Rain, loss spell frustration for Pirates
PITTSBURGH – To the Pittsburgh Pirates, this season is beginning to resemble one long rain delay. They’re spending a lot of time at the ballpark and not getting very much accomplished. Vladimir Guerrero and Jose Macias homered and the Montreal Expos scored six runs in the final two innings against Pittsburgh’s bullpen to beat the Pirates 7-2 Thursday in a game called after 61/2 innings because of rain.
Two rain delays, one featuring brilliant lightning and a brief, heavy downpour, lasted longer (2 hours, 27 minutes) than the game (2 hours, 8 minutes).
“As far as I’m concerned, it’s a beautiful day because we won a ballgame,” Expos manager Frank Robinson said. “It was tough to compete because of the way it was, but as long as you’re out there, you do the best you can.”
The Expos lost their first two games of the three-game series, but have won 10 of 13.
Sitting out their 13th and 14th rain delays of the season at PNC Park, the Pirates lost their 10th in 13 games and for the seventh time on a just-completed nine-game homestand.
“The rain is tough because you get all geared up to play, then you’ve got to sit around.
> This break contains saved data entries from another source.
(* Let $n\ge2$, $\alpha\in\mathbb C$, and $T=I+\alpha D\in\mathcal L(\mathcal P_n)$. Let $f\in\mathcal P_n$ have degree at least $2$ and simple roots, and suppose $\tau(f)>2|\alpha|(n-1)+1$. Then $$Z(Tf)\subset\{-\alpha\}+Z(f)+\mathbb D\bigl(\gamma_\alpha/\tau(f)\bigr),$$ where $$\gamma_\alpha=2n\bigl(|\alpha|(n-1)+1\bigr)\left(\Bigl(\frac{|\alpha|(n-1)+2}{|\alpha|(n-1)+1}\Bigr)^{n-1}-1\right)\max\Bigl\{|\alpha|^k\Bigl(1-\frac1k\Bigr):k=2,\dots,n\Bigr\}.$$
   Context: $\mathcal P_n$ is the complex vector space of polynomials of degree at most $n$, $D$ the differentiation operator, $I$ the identity. $Z(f)$ is the root set of $f$; $\mathbb D(r)=\{z\in\mathbb C:|z|\le r\}$ and $A+B=\{u+v:u\in A,v\in B\}$. For $f$ of degree $\ge2$ with at least two distinct roots, $\tau(f):=\min\{|w-v|:w\in Z(f),\ v\in Z(f')\setminus\{w\}\}$. *)

theory Defs
  imports "HOL-Analysis.Analysis" "HOL-Computational_Algebra.Polynomial"
begin

definition Z :: "complex poly \<Rightarrow> complex set" where
  "Z f = {z. poly f z = 0}"

definition Top :: "complex \<Rightarrow> complex poly \<Rightarrow> complex poly" where
  "Top \<alpha> p = p + smult \<alpha> (pderiv p)"

definition tau :: "complex poly \<Rightarrow> real" where
  "tau f = Min {cmod (w - v) | w v. w \<in> Z f \<and> v \<in> Z (pderiv f) - {w}}"

definition gamma :: "nat \<Rightarrow> complex \<Rightarrow> real" where
  "gamma n \<alpha> = 2 * real n * (cmod \<alpha> * (real n - 1) + 1) *
     (((cmod \<alpha> * (real n - 1) + 2) / (cmod \<alpha> * (real n - 1) + 1)) ^ (n - 1) - 1) *
     Max ((\<lambda>k. cmod \<alpha> ^ k * (1 - 1 / real k)) ` {2..n})"

end

theory Submission
  imports Defs "HOL-Computational_Algebra.Fundamental_Theorem_Algebra"
begin

(* Let z be a zero of T f and u = z + alpha; we look for a root of f close to u.
   If f(u) = 0 there is nothing to prove.  Otherwise:
   (1) Crude localization.  f'(z)/f(z) = -1/alpha, and writing the logarithmic derivative as
       sum 1/(z - x) over the roots x of f, a half-plane argument yields a root w with
       |u - w| <= (deg f - 1)|alpha| <= A := |alpha|(n - 1).
   (2) Hence every critical point v of f satisfies |u - v| >= tau(f) - A =: delta, and the
       Taylor coefficients of f' at u obey |q_j| <= |f'(u)| binom(d-1, j) / delta^j.
   (3) Expanding T f around u, the equation (T f)(u - alpha) = 0 expresses f(u) through the
       higher Taylor coefficients; this gives |f(u)| <= M |f'(u)| ((1 + 1/delta)^(d-1) - 1).
   (4) Since |f'(u)/f(u)| <= d / dist(u, Z(f)), the distance from u to Z(f) is at most
       d M ((1 + 1/delta)^(d-1) - 1), which is at most gamma/tau by elementary estimates. *)

lemma complex_poly_linear_factors:
  fixes p :: "complex poly"
  assumes "p \<noteq> 0"
  obtains xs where "p = smult (lead_coeff p) (\<Prod>x\<leftarrow>xs. [:- x, 1:])"
    and "length xs = degree p" and "set xs = {x. poly p x = 0}"
proof -
  obtain xs where xs: "mset xs = proots p" using ex_mset by blast
  have "(\<Prod>x\<in>#proots p. [:- x, 1:]) = (\<Prod>x\<leftarrow>xs. [:- x, 1:])"
    by (subst prod_mset_prod_list [symmetric]) (simp add: xs)
  then have "p = smult (lead_coeff p) (\<Prod>x\<leftarrow>xs. [:- x, 1:])"
    using complex_poly_decompose_multiset[of p] by simp
  moreover have "length xs = degree p"
    by (metis size_mset size_proots_complex xs)
  moreover have "set xs = {x. poly p x = 0}"
    by (metis assms set_mset_mset set_count_proots xs)
  ultimately show thesis using that by blast
qed

lemma poly_linear_factors: "poly (\<Prod>x\<leftarrow>xs. [:- x, 1:]) z = (\<Prod>x\<leftarrow>xs. z - x)"
  for z :: "'a::comm_ring_1"
  by (induction xs) (simp_all add: algebra_simps)

lemma pcompose_shift_linear_factors:
  "(\<Prod>x\<leftarrow>xs. [:- x, 1:]) \<circ>\<^sub>p [:u, 1:] = (\<Prod>x\<leftarrow>xs. [:u - x, 1 :: 'a::comm_ring_1:])"
proof (induction xs)
  case (Cons a xs)
  have "[:- a, 1:] \<circ>\<^sub>p [:u, 1:] = [:u - a, 1 :: 'a:]"
    by (simp add: pcompose_pCons)
  then show ?case
    using Cons.IH by (simp only: list.map prod_list.Cons pcompose_mult)
qed (simp add: pcompose_1)

(* If all numbers b in bs have modulus at least r, the k-th coefficient of the
   product of the factors (b + x) is at most |prod bs| * (m choose k) / r^k, where m = length bs:
   each elementary symmetric function of the 1/b is bounded termwise. *)
lemma coeff_prod_monic_linear_bound:
  fixes bs :: "'a::real_normed_field list"
  assumes "r > 0" and far: "\<And>b. b \<in> set bs \<Longrightarrow> r \<le> norm b"
  shows "norm (coeff (\<Prod>b\<leftarrow>bs. [:b, 1:]) k) \<le> norm (prod_list bs) * real (length bs choose k) / r ^ k"
  using far
proof (induction bs arbitrary: k)
  case Nil
  then show ?case by (cases k) auto
next
  case (Cons b bs)
  define R where "R = (\<Prod>b\<leftarrow>bs. [:b, 1:])"
  define P where "P = norm (prod_list bs)"
  have IH: "norm (coeff R j) \<le> P * real (length bs choose j) / r ^ j" for j
    using Cons by (simp add: R_def P_def)
  have rb: "r \<le> norm b" using Cons.prems by simp
  show ?case
  proof (cases k)
    case 0
    have "norm (coeff R 0) \<le> P" using IH[of 0] by simp
    then have "norm b * norm (coeff R 0) \<le> norm b * P" by (simp add: mult_left_mono)
    then show ?thesis using 0 by (simp add: R_def P_def norm_mult)
  next
    case (Suc j)
    have shift: "P * real (length bs choose j) / r ^ j \<le> norm b * (P * real (length bs choose j) / r ^ Suc j)"
    proof -
      have "P * real (length bs choose j) / r ^ j = r * (P * real (length bs choose j) / r ^ Suc j)"
        using \<open>r > 0\<close> by (simp add: field_simps)
      also have "\<dots> \<le> norm b * (P * real (length bs choose j) / r ^ Suc j)"
        using rb \<open>r > 0\<close> by (intro mult_right_mono) (auto simp: P_def)
      finally show ?thesis .
    qed
    have "norm (coeff (\<Prod>b\<leftarrow>b # bs. [:b, 1:]) k) = norm (b * coeff R (Suc j) + coeff R j)"
      using Suc by (simp add: R_def)
    also have "\<dots> \<le> norm b * norm (coeff R (Suc j)) + norm (coeff R j)"
      by (metis norm_mult norm_triangle_ineq)
    also have "\<dots> \<le> norm b * (P * real (length bs choose Suc j) / r ^ Suc j)
                  + norm b * (P * real (length bs choose j) / r ^ Suc j)"
      by (rule add_mono[OF mult_left_mono[OF IH norm_ge_zero] order_trans[OF IH shift]])
    also have "\<dots> = norm (prod_list (b # bs)) * real (length (b # bs) choose k) / r ^ k"
      using Suc \<open>r > 0\<close> by (simp add: P_def norm_mult field_simps)
    finally show ?thesis .
  qed
qed

lemma taylor_coeff_bound:
  fixes p :: "complex poly"
  assumes "p \<noteq> 0" and "r > 0" and far: "\<And>x. poly p x = 0 \<Longrightarrow> r \<le> cmod (u - x)"
  shows "cmod (coeff (p \<circ>\<^sub>p [:u, 1:]) k) \<le> cmod (poly p u) * real (degree p choose k) / r ^ k"
proof -
  obtain xs where p: "p = smult (lead_coeff p) (\<Prod>x\<leftarrow>xs. [:- x, 1:])"
    and len: "length xs = degree p" and roots: "set xs = {x. poly p x = 0}"
    using complex_poly_linear_factors[OF \<open>p \<noteq> 0\<close>] by blast
  define bs where "bs = map (\<lambda>x. u - x) xs"
  have shifted: "p \<circ>\<^sub>p [:u, 1:] = smult (lead_coeff p) (\<Prod>b\<leftarrow>bs. [:b, 1:])"
    by (subst p) (simp add: pcompose_smult pcompose_shift_linear_factors bs_def o_def)
  have at_u: "poly p u = lead_coeff p * prod_list bs"
    by (subst p) (simp add: poly_linear_factors bs_def)
  have "cmod (coeff (\<Prod>b\<leftarrow>bs. [:b, 1:]) k) \<le> cmod (prod_list bs) * real (length bs choose k) / r ^ k"
    using \<open>r > 0\<close> far roots by (intro coeff_prod_monic_linear_bound) (auto simp: bs_def)
  then have "cmod (lead_coeff p) * cmod (coeff (\<Prod>b\<leftarrow>bs. [:b, 1:]) k)
      \<le> cmod (lead_coeff p) * (cmod (prod_list bs) * real (length bs choose k) / r ^ k)"
    by (rule mult_left_mono) simp
  then show ?thesis
    by (simp add: shifted at_u norm_mult len bs_def mult.assoc)
qed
It’s frustrating,” Pirates starting pitcher Jimmy Anderson said.
Pirates manager Lloyd McClendon felt nervous as play went on even as lightning flashed behind downtown skyscrapers just across the Allegheny River.
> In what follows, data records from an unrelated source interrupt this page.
(* Suppose the shortest $s_0$-$s_1$ path $P_0$ in $G$ is unique. Then along every trajectory of the Physarum dynamics, for every vertex $v$ on $P_0$, $p_v(t)\to \operatorname{dist}(v,s_1)$ as $t\to\infty$, where $\operatorname{dist}(v,s_1)$ is the shortest-path distance (w.r.t. the lengths $L$) from $v$ to $s_1$ in $G$.
   Context: Let $G=(N,E)$ be a finite connected undirected graph with two distinct vertices $s_0$ (source) and $s_1$ (sink). Each edge $e$ has a fixed length $L_e>0$. Each edge has a time-dependent diameter $D_e(t)$ with $D_e(0)>0$, and resistance $R_e=L_e/D_e$. At each time $t$, the vertex potentials $p_v$ (normalized by $p_{s_1}=0$) are the solution of $\sum_{u\in\delta(v)}(p_v-p_u)/R_{uv}=b_v$ for all $v$, where $\delta(v)$ is the set of neighbours of $v$, $b_{s_0}=1$, $b_{s_1}=-1$, $b_v=0$ otherwise; for an edge $e=\{u,v\}$ with an arbitrarily fixed orientation $(u,v)$ the current is $Q_e=(p_u-p_v)/R_e=D_e(p_u-p_v)/L_e$. The diameters evolve by $\dot D_e(t)=|Q_e(t)|-D_e(t)$ for all $e\in E$ (the "Physarum dynamics"). *)

theory Defs
  imports "HOL-Analysis.Analysis"
begin

definition simple_graph :: "'a set \<Rightarrow> 'a set set \<Rightarrow> bool" where
  "simple_graph N E \<longleftrightarrow> finite N \<and> E \<subseteq> {{u, v} | u v. u \<in> N \<and> v \<in> N \<and> u \<noteq> v}"

definition walk :: "'a set set \<Rightarrow> 'a list \<Rightarrow> bool" where
  "walk E xs \<longleftrightarrow> xs \<noteq> [] \<and> (\<forall>i. Suc i < length xs \<longrightarrow> {xs ! i, xs ! Suc i} \<in> E)"

definition connected_graph :: "'a set \<Rightarrow> 'a set set \<Rightarrow> bool" where
  "connected_graph N E \<longleftrightarrow>
     (\<forall>u\<in>N. \<forall>v\<in>N. \<exists>xs. walk E xs \<and> hd xs = u \<and> last xs = v)"

definition is_path :: "'a set set \<Rightarrow> 'a \<Rightarrow> 'a \<Rightarrow> 'a list \<Rightarrow> bool" where
  "is_path E u v xs \<longleftrightarrow> walk E xs \<and> distinct xs \<and> hd xs = u \<and> last xs = v"

definition path_len :: "('a set \<Rightarrow> real) \<Rightarrow> 'a list \<Rightarrow> real" where
  "path_len L xs = (\<Sum>i<length xs - 1. L {xs ! i, xs ! Suc i})"

definition shortest_path :: "'a set set \<Rightarrow> ('a set \<Rightarrow> real) \<Rightarrow> 'a \<Rightarrow> 'a \<Rightarrow> 'a list \<Rightarrow> bool" where
  "shortest_path E L u v P \<longleftrightarrow> is_path E u v P \<and>
     (\<forall>Q. is_path E u v Q \<longrightarrow> path_len L P \<le> path_len L Q)"

definition dist_L :: "'a set set \<Rightarrow> ('a set \<Rightarrow> real) \<Rightarrow> 'a \<Rightarrow> 'a \<Rightarrow> real" where
  "dist_L E L u v = Min (path_len L ` {xs. is_path E u v xs})"

definition nbrs :: "'a set set \<Rightarrow> 'a \<Rightarrow> 'a set" where
  "nbrs E v = {u. {u, v} \<in> E}"

definition supply_b :: "'a \<Rightarrow> 'a \<Rightarrow> 'a \<Rightarrow> real" where
  "supply_b s0 s1 v = (if v = s0 then 1 else if v = s1 then -1 else 0)"

text \<open>Physarum trajectory for t >= 0: D t e are the diameters, p t v the potentials
  (normalised p s1 = 0, solving the Kirchhoff system with R_e = L_e / D_e),
  and D evolves by D' = |Q| - D with |Q_e| = D_e |p_u - p_v| / L_e.\<close>
definition physarum_traj ::
  "'a set \<Rightarrow> 'a set set \<Rightarrow> ('a set \<Rightarrow> real) \<Rightarrow> 'a \<Rightarrow> 'a \<Rightarrow>
   (real \<Rightarrow> 'a set \<Rightarrow> real) \<Rightarrow> (real \<Rightarrow> 'a \<Rightarrow> real) \<Rightarrow> bool" where
  "physarum_traj N E L s0 s1 D p \<longleftrightarrow>
     (\<forall>e\<in>E. D 0 e > 0) \<and>
     (\<forall>t\<ge>0. p t s1 = 0 \<and>
        (\<forall>v\<in>N. (\<Sum>u\<in>nbrs E v. (p t v - p t u) / (L {u, v} / D t {u, v})) = supply_b s0 s1 v) \<and>
        (\<forall>u v. {u, v} \<in> E \<longrightarrow>
           ((\<lambda>\<tau>. D \<tau> {u, v}) has_real_derivative
              (\<bar>D t {u, v} * (p t u - p t v) / L {u, v}\<bar> - D t {u, v})) (at t within {0..})))"

end

theory Submission
  imports Defs
begin

(* Write x_i = D(e_i) and L_i for the diameters and lengths of the edges e_0, ..., e_{k-1}
   of the shortest path P0, L* = sum L_i for its length, V = sum L_e D_e for the total
   volume and V_O for the volume of the edges off P0.  The argument has five steps:
   (1) Kirchhoff's law gives, for every vertex function phi, the identity
       sum over arcs (phi v - phi u) Q_vu = 2 (phi s0 - phi s1); applied to p it is the
       energy identity, applied to a shortest-path distance it gives flow/length bounds.
   (2) With lengths in which the edges off P0 are shrunk by a factor 1 - eps (eps is
       chosen from the gap between P0 and the other paths) this yields
       sum_e D_e |dp_e| >= 2 L* + eps * (same sum over the edges off P0).
   (3) Hence F = sum L_i ln x_i - L* ln V is nondecreasing; it is bounded above, so
       all x_i stay comparable to V, and V and the potential drop p(s0) stay bounded.
   (4) G = V_O - K F is nonincreasing and bounded below, and its decrease over unit time
       intervals dominates V_O, so V_O -> 0 and the currents off P0 vanish.
   (5) A cut argument then shows that the current on each path edge tends to 1, so by
       the relaxation ODE x_i -> 1 and the potential differences tend to L_i; telescoping
       along P0 gives p v -> dist(v, s1).  *)


section \<open>Scalar differential inequalities\<close>

lemma nondecreasing_from_deriv:
  fixes h h' :: "real \<Rightarrow> real"
  assumes "0 \<le> T" "T \<le> t"
    and d: "\<And>s. s \<ge> T \<Longrightarrow> (h has_real_derivative h' s) (at s within {0..})"
    and nn: "\<And>s. s \<ge> T \<Longrightarrow> s \<le> t \<Longrightarrow> h' s \<ge> 0"
  shows "h T \<le> h t"
proof (rule DERIV_nonneg_imp_increasing_open[OF assms(2)])
  fix x assume x: "T < x" "x < t"
  have "{0<..} \<subseteq> {0::real..}" by auto
  then have "(h has_real_derivative h' x) (at x within {0<..})"
    using has_field_derivative_subset[OF d[of x]] x by simp
  then have "(h has_real_derivative h' x) (at x)"
    using x assms(1) at_within_open[of x "{0<..}"] by simp
  then show "\<exists>y. (h has_real_derivative y) (at x) \<and> 0 \<le> y" using nn[of x] x by auto
next
  show "continuous_on {T..t} h"
    unfolding continuous_on_eq_continuous_within
  proof
    fix x :: real assume x: "x \<in> {T..t}"
    have "continuous (at x within {0..}) h"
      using DERIV_continuous[OF d[of x]] x by simp
    then show "continuous (at x within {T..t}) h"
      by (rule continuous_within_subset) (use assms(1) in auto)
  qed
qed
“That was a little scary,” he said. “That was not a comfortable situation. In my mind, that was a dangerous situation.”
Anderson stayed in the game after an initial delay of one hour, 37 minutes in the third inning, only to be lifted with a 2-1 lead after five innings.
Anderson threw three times in a batting cage during the delay, and McClendon said, “He was up to around 120 pitches, counting the times he threw inside, and that was enough.”
As reliever Jim Brower (3-0) was holding Pittsburgh to one hit over four shutout innings, the Expos took advantage of Anderson’s departure to jump on Ron Villone and Mike Lincoln for three runs each. Macias hit a two-run homer and Guerrero had a solo shot in the seventh, both off Lincoln.
The game was called after a second rain delay of 50 minutes, this time with the Pirates batting in the seventh, even though only a light mist was falling and the sun was peeking through the clouds above PNC Park.
However, the grass field was slick and, the players said, was becoming more treacherous as the long afternoon dragged on.
“The first thing with a game like today, you’ve got to be careful,” said Jose Vidro, who was 3-for-4 with a double. “We try to play hard because we’re professionals, but it was bad out there. It was real easy to get hurt.”
The Pirates found that out as outfielder Rob Mackowiak (ankle), catcher Keith Osik (cramping) and shortstop Jack Wilson (shin contusion) all sustained minor injuries. The Pirates already were without second baseman Pokey Reese, who is day to day with a hyperextended shoulder and thigh injury.
The Expos didn’t take long to grab the lead in the sixth as Villone (2-6) allowed hits to three of the four batters he faced.
Vidro and Wil Cordero doubled to tie it at 2 and Fernando Tatis singled. With Lincoln in, Andres Galarraga hit a sacrifice fly to deep left and Orlando Cabrera added his second double of the game and the Expos’ third of the inning.
Brad Wilkerson started the three-run seventh with a pinch-hit triple ahead of Macias’ two-run homer, his second, and Guerrero’s 17th, a solo drive to left.
Guerrero went 2-for-4 to extend his hitting streak to 20 games, the second Expos’ streak of 20 games or longer this season. Vidro had a 21-game streak in May. Guerrero had a career-high 31-game streak in 1999.
Expos starter Zach Day, making his second career start, was taken out trailing 2-1 in the third after the first rain delay. The Pirates scored on Chad Hermansen’s RBI single and Keith Osik’s sacrifice fly in the second.
NOTES: Brower won for the first time since being traded by Cincinnati earlier this month. … Guerrero, Florida’s Luis Castillo and Boston’s Nomar Garciaparra are the only active players with hitting streaks of at least 30 and 20 games in their careers. … Guerrero also had an 11-game streak earlier this season. … The teams split the six games in their season series. … The Pirates had played a season-high seven consecutive home games without a rain delay. The delays at home have totaled 16 hours, 14 minutes.